Obviously, the nuclear family is abolished. Men, women, and children live communally (423a). Children are removed from their mothers soon after birth and raised and educated collectively. The City replaces parents and their contemporaries become their brothers and sisters (414d). The purpose is to create a single extended family—the City itself. In this way, the individual will presumably become loyal to and reliant on the City, thereby eliminating competitiveness between the City and family.

Plato argues that private property has the potential of corrupting the Guardians, who are to act solely in the City’s best interests. Therefore, they are to own no property. Plato writes: “Then now let us consider what will be their way of life, if they are to realize our idea of them. In the first place, none of them should have any property of his beyond what is absolutely necessary; neither should they have a private house or store closed against anyone who has a mind to enter; their provisions should be only such as are required by trained warriors, who are men of temperance and courage; they should agree to receive from the citizens a fixed rate of pay, enough to meet the expenses of the year and no more; and they will go to mess and live together like soldiers in camp.…” (416d–e)

The purpose of “both the community of property and the community of families … tend[s] to make them more truly Guardians; they will not tear the City in pieces by differing about ‘mine’ and ‘not mine’; each man dragging any acquisition which he has made into a separate house of his own, where he has a separate wife and children and private pains and pleasures; but all will be affected as far as may be by the same wife and children and private pleasures and pains because they are all of one opinion about what is near and dear to them, and therefore they all tend toward a common end.… And as they have nothing but their persons which they can call their own, suits and complaint will have no existence among them; they will be delivered from all those quarrels of which money or children or relations are the occasion” (464d–e).

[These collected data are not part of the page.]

lemma test_fun_01_integral_deriv:
  assumes "test_fun_01 \<psi>"
  shows "(LINT x:{0<..<1}|lborel. deriv \<psi> x) = 0"
proof -
  obtain a b where ab: "0 < a" "b < 1" "\<forall>x. x \<notin> {a..b} \<longrightarrow> \<psi> x = 0"
    and C1: "\<psi> C1_differentiable_on UNIV"
    using assms unfolding test_fun_01_def by blast
  have "\<forall>x. \<psi> differentiable at x" and cont: "continuous_on UNIV (\<lambda>x. vector_derivative \<psi> (at x))"
    using C1 unfolding C1_differentiable_on_eq by auto
  then have D: "(\<psi> has_vector_derivative deriv \<psi> x) (at x)" for x
    using DERIV_deriv_iff_real_differentiable has_real_derivative_iff_has_vector_derivative by blast
  then have "vector_derivative \<psi> (at x) = deriv \<psi> x" for x
    by (rule vector_derivative_at)
  then have "continuous_on UNIV (deriv \<psi>)" using cont by (simp add: fun_eq_iff)
  then have "(LBINT x=ereal 0..ereal 1. deriv \<psi> x) = \<psi> 1 - \<psi> 0"
    by (intro interval_integral_FTC_finite)
       (auto intro: continuous_on_subset has_vector_derivative_at_within[OF D])
  also have "\<dots> = 0" using ab by auto
  finally show ?thesis
    unfolding interval_lebesgue_integral_def by simp
qed

lemma H1_weak_deriv_const: "H1_weak_deriv (\<lambda>_. k) (\<lambda>_. 0)"
proof -
  have "L2_01 (\<lambda>_. k)" for k
    unfolding L2_01_def
    by (auto intro!: set_borel_measurable_continuous_on_01 set_integrable_continuous_on_01)
  then show ?thesis unfolding H1_weak_deriv_def
    by (simp add: test_fun_01_integral_deriv)
qed

definition weighted_mass :: "(real \<Rightarrow> real) \<Rightarrow> (real \<Rightarrow> real) \<Rightarrow> real" where
  "weighted_mass w \<phi> = (LINT r:{0<..<1}|lborel. w r * (\<phi> r)\<^sup>2)"

definition weighted_energy ::
    "(real \<Rightarrow> real) \<Rightarrow> (real \<Rightarrow> real) \<Rightarrow> (real \<Rightarrow> real) \<Rightarrow> (real \<Rightarrow> real) \<Rightarrow> real" where
  "weighted_energy w c \<phi> g = (LINT r:{0<..<1}|lborel. w r * ((g r)\<^sup>2 + c r * (\<phi> r)\<^sup>2))"

definition normalized_energies :: "(real \<Rightarrow> real) \<Rightarrow> (real \<Rightarrow> real) \<Rightarrow> real set" where
  "normalized_energies w c =
     {weighted_energy w c \<phi> g | \<phi> g. H1_weak_deriv \<phi> g \<and> weighted_mass w \<phi> = 1}"

definition rayleigh_inf :: "(real \<Rightarrow> real) \<Rightarrow> (real \<Rightarrow> real) \<Rightarrow> real" where
  "rayleigh_inf w c = Inf (normalized_energies w c)"

lemma princ_eig_eq_rayleigh_inf:
  "princ_eig d c s m = rayleigh_inf (\<lambda>r. r ^ (d - 1) * exp (2 * s * m r)) c"
  by (simp add: princ_eig_def rayleigh_inf_def normalized_energies_def
      weighted_energy_def weighted_mass_def)

lemma weighted_mass_scale: "weighted_mass w (\<lambda>x. a * \<phi> x) = a\<^sup>2 * weighted_mass w \<phi>"
  unfolding weighted_mass_def set_integral_mult_right[symmetric]
  by (simp add: power_mult_distrib mult_ac)

lemma weighted_energy_scale:
  "weighted_energy w c (\<lambda>x. a * \<phi> x) (\<lambda>x. a * g x) = a\<^sup>2 * weighted_energy w c \<phi> g"
  unfolding weighted_energy_def set_integral_mult_right[symmetric]
  by (simp add: power_mult_distrib algebra_simps)

lemma weighted_energy_nonneg:
  assumes "\<And>r. r \<in> {0<..<1} \<Longrightarrow> 0 \<le> w r \<and> 0 \<le> c r"
  shows "0 \<le> weighted_energy w c \<phi> g"
  unfolding weighted_energy_def set_lebesgue_integral_def
  by (rule Bochner_Integration.integral_nonneg) (use assms in \<open>auto simp: indicator_def\<close>)

lemma H1_weak_deriv_integrable:
  assumes "H1_weak_deriv \<phi> g" "continuous_on {0..1} c"
  shows "set_integrable lborel {0<..<1} (\<lambda>r. (\<phi> r)\<^sup>2)"
    and "set_integrable lborel {0<..<1} (\<lambda>r. (g r)\<^sup>2 + c r * (\<phi> r)\<^sup>2)"
proof -
  show L2: "set_integrable lborel {0<..<1} (\<lambda>r. (\<phi> r)\<^sup>2)"
    using assms(1) unfolding H1_weak_deriv_def L2_01_def by auto
  have "set_integrable lborel {0<..<1} (\<lambda>r. (g r)\<^sup>2)"
    using assms(1) unfolding H1_weak_deriv_def L2_01_def by auto
  then show "set_integrable lborel {0<..<1} (\<lambda>r. (g r)\<^sup>2 + c r * (\<phi> r)\<^sup>2)"
    using assms(2) L2 by (intro set_integral_add(1) set_integrable_continuous_on_mult_01)
qed

lemma set_integral_mono_weight_01:
  fixes u v f :: "real \<Rightarrow> real"
  assumes "continuous_on {0..1} u" "continuous_on {0..1} v" "set_integrable lborel {0<..<1} f"
    and "\<And>x. x \<in> {0<..<1} \<Longrightarrow> 0 \<le> f x \<and> u x \<le> v x"
  shows "(LINT x:{0<..<1}|lborel. u x * f x) \<le> (LINT x:{0<..<1}|lborel. v x * f x)"
  using assms by (intro set_integral_mono set_integrable_continuous_on_mult_01) (auto intro: mult_right_mono)

lemma quotient_in_normalized_energies:
  assumes "H1_weak_deriv \<phi> g" "0 < weighted_mass w \<phi>"
  shows "weighted_energy w c \<phi> g / weighted_mass w \<phi> \<in> normalized_energies w c"
proof -
  define a where "a = 1 / sqrt (weighted_mass w \<phi>)"
  have "a\<^sup>2 = 1 / weighted_mass w \<phi>"
    unfolding a_def using assms(2) by (simp add: power_divide)
  then have "weighted_mass w (\<lambda>x. a * \<phi> x) = 1"
    and "weighted_energy w c (\<lambda>x. a * \<phi> x) (\<lambda>x. a * g x) = weighted_energy w c \<phi> g / weighted_mass w \<phi>"
    using assms(2) by (simp_all add: weighted_mass_scale weighted_energy_scale)
  then show ?thesis
    unfolding normalized_energies_def using H1_weak_deriv_scale[OF assms(1), of a] by force
qed

lemma rayleigh_inf_le_quotient:
  assumes "\<And>r. r \<in> {0<..<1} \<Longrightarrow> 0 \<le> w r \<and> 0 \<le> c r"
    and "H1_weak_deriv \<phi> g" "0 < weighted_mass w \<phi>"
  shows "rayleigh_inf w c \<le> weighted_energy w c \<phi> g / weighted_mass w \<phi>"
proof -
  have "bdd_below (normalized_energies w c)"
    unfolding normalized_energies_def using weighted_energy_nonneg[of w c, OF assms(1)]
    by (intro bdd_belowI[of _ 0]) blast
  then show ?thesis
    unfolding rayleigh_inf_def using quotient_in_normalized_energies[OF assms(2,3)] by (rule cInf_lower[rotated])
qed

lemma weighted_mass_const_pos:
  assumes "continuous_on {0..1} w" "\<And>r. r \<in> {0<..<1} \<Longrightarrow> 0 < w r"
  shows "0 < weighted_mass w (\<lambda>_. 1)"
  unfolding weighted_mass_def using set_integral_pos_01[OF assms] by simp

lemma rayleigh_inf_le_bound:
  assumes w: "continuous_on {0..1} w" and c: "continuous_on {0..1} c"
    and bounds: "\<And>r. r \<in> {0<..<1} \<Longrightarrow> 0 < w r \<and> 0 \<le> c r \<and> c r \<le> C"
  shows "rayleigh_inf w c \<le> C"
proof -
  have M: "0 < weighted_mass w (\<lambda>_. 1)"
    using bounds by (intro weighted_mass_const_pos[OF w]) blast
  have "weighted_energy w c (\<lambda>_. 1) (\<lambda>_. 0) = (LINT r:{0<..<1}|lborel. c r * w r)"
    unfolding weighted_energy_def by (simp add: mult.commute)
  also have "\<dots> \<le> (LINT r:{0<..<1}|lborel. C * w r)"
    by (rule set_integral_mono_weight_01)
      (use c w bounds in \<open>auto intro: set_integrable_continuous_on_01 less_imp_le\<close>)
  also have "\<dots> = C * weighted_mass w (\<lambda>_. 1)"
    unfolding weighted_mass_def by simp
  finally have "weighted_energy w c (\<lambda>_. 1) (\<lambda>_. 0) / weighted_mass w (\<lambda>_. 1) \<le> C"
    using M by (simp add: divide_le_eq)
  moreover have "rayleigh_inf w c \<le> weighted_energy w c (\<lambda>_. 1) (\<lambda>_. 0) / weighted_mass w (\<lambda>_. 1)"
    using bounds by (intro rayleigh_inf_le_quotient H1_weak_deriv_const M) (auto simp: less_imp_le)
  ultimately show ?thesis by linarith
qed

Indoctrination is also crucial to controlling the citizenry. The City consists of a comprehensive “education” system.” In addition to the “noble lie,” censorship is widely practiced. For example, myths and music are suppressed to avoid any stories where authority is challenged or the Guardians are presented as anything other than good (379c). The style of music is regulated. Only certain modes and rhythms are approved, for “rhythm and harmony most of all insinuate themselves into the inner most part of the soul and most vigorously lay hold of it” (401d). Freedom of expression is banned for the Ideal City’s health is more important than self-expression.